Is it even possible that you have managed to miss the recent sensation caused by this mysterious Iran-based artist?! A couple of months ago some scattered songs surfaced on the internet from an artist by the name of Benyamin, who later showed himself to be Benyamin Bahadori! Given the man’s background as a Noheh/Rozeh-khaan and composer of music for recorded religious/moral anecdotes for children, it wasn’t totally a surprise that what characterised his style and sound was summed up by updated and revised versions of the traditional religious chants and hymns used commonly by the men in his profession. Something Koveitipour did years ago by turning pieces like “Amme, Baabaayam Kojaast” to today’s broadly embraced “Change Del”, even though not much of the ornamentation, religious vibe and generic pace is changed! It should be mentioned that our music in general and the POP music in particular is not completely untouched and uninspired by the religio-cultural vein hidden and beating under the skin of our society. In fact the Persian-BLUES/ARABESQUE style currently practised in LA with Moein as its front-figure has its roots in the very same vein! That’s how it manages to rub the right nerve and provoke passion and sentiments in many of Iranians regardless of their current geographical location and social background! Also many of the artists who emerged after the Khordad 2nd were of the same religio-musical background, since it was the main musical genre that was accepted and allowed to be practised broadly in public prior to that era. Benyamin, however, has now released his official album entitled “85”, in which he has only included two of those previously available songs. Interesting enough ONLY those two that have been revised lyrically beyond recognition to a more romantic theme! This album features 9 tracks and is composed by Benyamin himself in an elaborate collaboration with Farid Ahmadi as the lyricist and Nima Varasteh as the arranger. Released on Avaye Nakisa.

The album kicks off with a HI-NRG track strongly reminiscent of the first released song featured later on this album, “Khaaterehat”. “Loknat”, however, is a song with ITALO-DISCO influences and a rather amusing and creatively “stammering” theme!

Next comes “Aashegh Shodam”, a mid-tempo LATIN-POP inspired song with a whirling violin! A rather clean production.

And now to the first HIT of the album, “Khaaterehaa” aka “Donya”! This song is a EURO-/HI-NRG remake of an ultra-religious hymn for “Hazrate Abbas” sung inside the country! Of course are the lyrics rewritten and every religious reference removed, but if you listen closely you can still feel the mourning sway and wailing in the flow of this song! The album version is further rearranged than the first leaked out version of the song, for the worse unfortunately while the crisp performance has been overworked.
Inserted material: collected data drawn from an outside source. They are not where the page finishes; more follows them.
definition J_s :: "dvec \<Rightarrow> dvec" where
  "J_s d = (case d of (d0, d1, d2, d3, d4) \<Rightarrow> (d4, d3, d2, d1, d0))"

text \<open>The formal F4 Weyl dimension, with a_i = d_i + 1.\<close>
definition F :: "dvec \<Rightarrow> rat" where
  "F d = (case d of (d0, d1, d2, d3, d4) \<Rightarrow>
     (let a1 = of_int (d1 + 1) :: rat; a2 = of_int (d2 + 1); a3 = of_int (d3 + 1);
          a4 = of_int (d4 + 1) in
      (a1*a2*a3*a4*(a1+a2)*(a1+a3)*(a1+a4)*(a2+a3)*(a2+a4)*(a3+a4)
       *(a1-a3)*(a1-a4)*(a4-a3)*(a1+a2+a3)*(a1+a2+a4)*(a2+a3+a4)*(a1+a2+a3+a4)
       *(a1+2*a2+a3)*(a1+2*a2+a4)*(2*a2+a3+a4)*(a1+2*a2+a3+a4)*(2*a1+2*a2+a3+a4)
       *(a1+2*a2+2*a3+a4)*(a1+2*a2+a3+2*a4))
      / (2^15 * 3^7 * 5^4 * 7^2 * 11)))"

end

theory Submission
  imports Defs "HOL-Number_Theory.Cong"
begin

text \<open>
  Write F(d) = P(a) / N with P the product of the 24 linear forms appearing in F and
  N = 2^15 3^7 5^4 7^2 11. The hypothesis \<pi> d = J d forces either two of d1, d3, d4 to
  coincide, so that a factor a_i - a_j of P vanishes, or d0 to equal one of d1, d3, d4; then the
  level condition turns one of the factors 2a1+2a2+a3+a4, a1+2a2+a3+2a4, a1+2a2+2a3+a4 into
  K = k + 12, so P = K R. Integrality of the Weyl dimension formula gives N dvd K R, and the
  cofactor satisfies N / 27720 dvd R; together N dvd gcd K 27720 * R, so F(d) is an integer
  multiple of K / gcd K 27720.
  Both divisibilities are checked prime by prime by finite computation: for p = 2, 3 by
  repeatedly splitting x = (x mod p) + p (x div p), for p = 5, 7, 11 by counting, at every point
  of the projective space over F_p, the forms vanishing there.
\<close>

type_synonym linform = "int list \<times> int"

definition lf_eval :: "linform \<Rightarrow> int list \<Rightarrow> int" where
  "lf_eval f x = sum_list (map2 (*) (fst f) x) + snd f"

lemma lf_eval_Nil [simp]: "lf_eval ([], k) x = k" "lf_eval (us, k) [] = k"
  by (simp_all add: lf_eval_def)

lemma lf_eval_Cons [simp]: "lf_eval (u # us, k) (v # x) = u * v + lf_eval (us, k) x"
  by (simp add: lf_eval_def)

lemma lf_eval_mod_div:
  "lf_eval f x = lf_eval f (map (\<lambda>v. v mod p) x) + p * lf_eval (fst f, 0) (map (\<lambda>v. v div p) x)"
proof (induction x arbitrary: f)
  case (Cons v x)
  obtain us k where f: "f = (us, k)" by fastforce
  show ?case
  proof (cases us)
    case (Cons u us')
    have "u * v = u * (v mod p) + p * (u * (v div p))"
      by (metis add.commute distrib_left mult.left_commute mult_div_mod_eq)
    then show ?thesis using Cons.IH[of "(us', k)"] f Cons by (simp add: algebra_simps)
  qed (simp add: f)
qed simp

lemma lf_eval_cong_mod: "[lf_eval f (map (\<lambda>v. v mod p) x) = lf_eval f x] (mod p)"
  by (subst (2) lf_eval_mod_div[of _ _ p]) (simp add: cong_def)

lemma lf_eval_scale: "lf_eval (us, 0) (map ((*) l) x) = l * lf_eval (us, 0) x"
proof (induction x arbitrary: us)
  case (Cons v x)
  then show ?case by (cases us) (simp_all add: algebra_simps)
qed simp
“Inam Bemoone” is a TRANCE-NRG fare with a rather loose hook, otherwise a well-engineered piece of recording that bears to be further defined around the chorus!

Now comes my favourite track on the album! A rather enchanting LOVE-SONG of a calibre seldom heard in the Iranian market today! Fresh and engaging in its theme and vocal performance. “Yaadam Miaad” is a ballad with an autumnal flair and a melancholic flow that just begs to be a FILM-SCORE track!! With a hard work and focus on an own elaborate style of love songs Benyamin has the potential to find his niche!

Next comes an Electro-NRG fare with references to the style of Ghomayshi and of course Kamran & Hooman’s “Age Eshghe Man To Nisti”! I just cant avoid being seduced by the flickering post-chorus sound!

Another song with a very good initial potential which bears to have its loose composition further defined is “Man Emshab Mimiram”. A rhythmic ballad that reminds of “Aashegh Shodam”, with subtle references to the British POP sound!

“Taraaneye Vaazhe” is the second HIT from the album. It’s an NRG song with a rather simple yet charming lyrical spine consisted of a SIMPLISTIC vocabular theme! Even this version is further rearranged.

And to wrap up the album comes a EURO-NRG song called “Aadam Aahani”, which is rather clever in its approach to the cliché-theme on the “artificial intelligence“ and “mechanised society” that has been worn out in most literary and artistic forums by now! But even though the song is more refined than its older siblings produced in the Persian industry (Morteza’s “Robot” among many) it still suffers from lyrical underdevelopment!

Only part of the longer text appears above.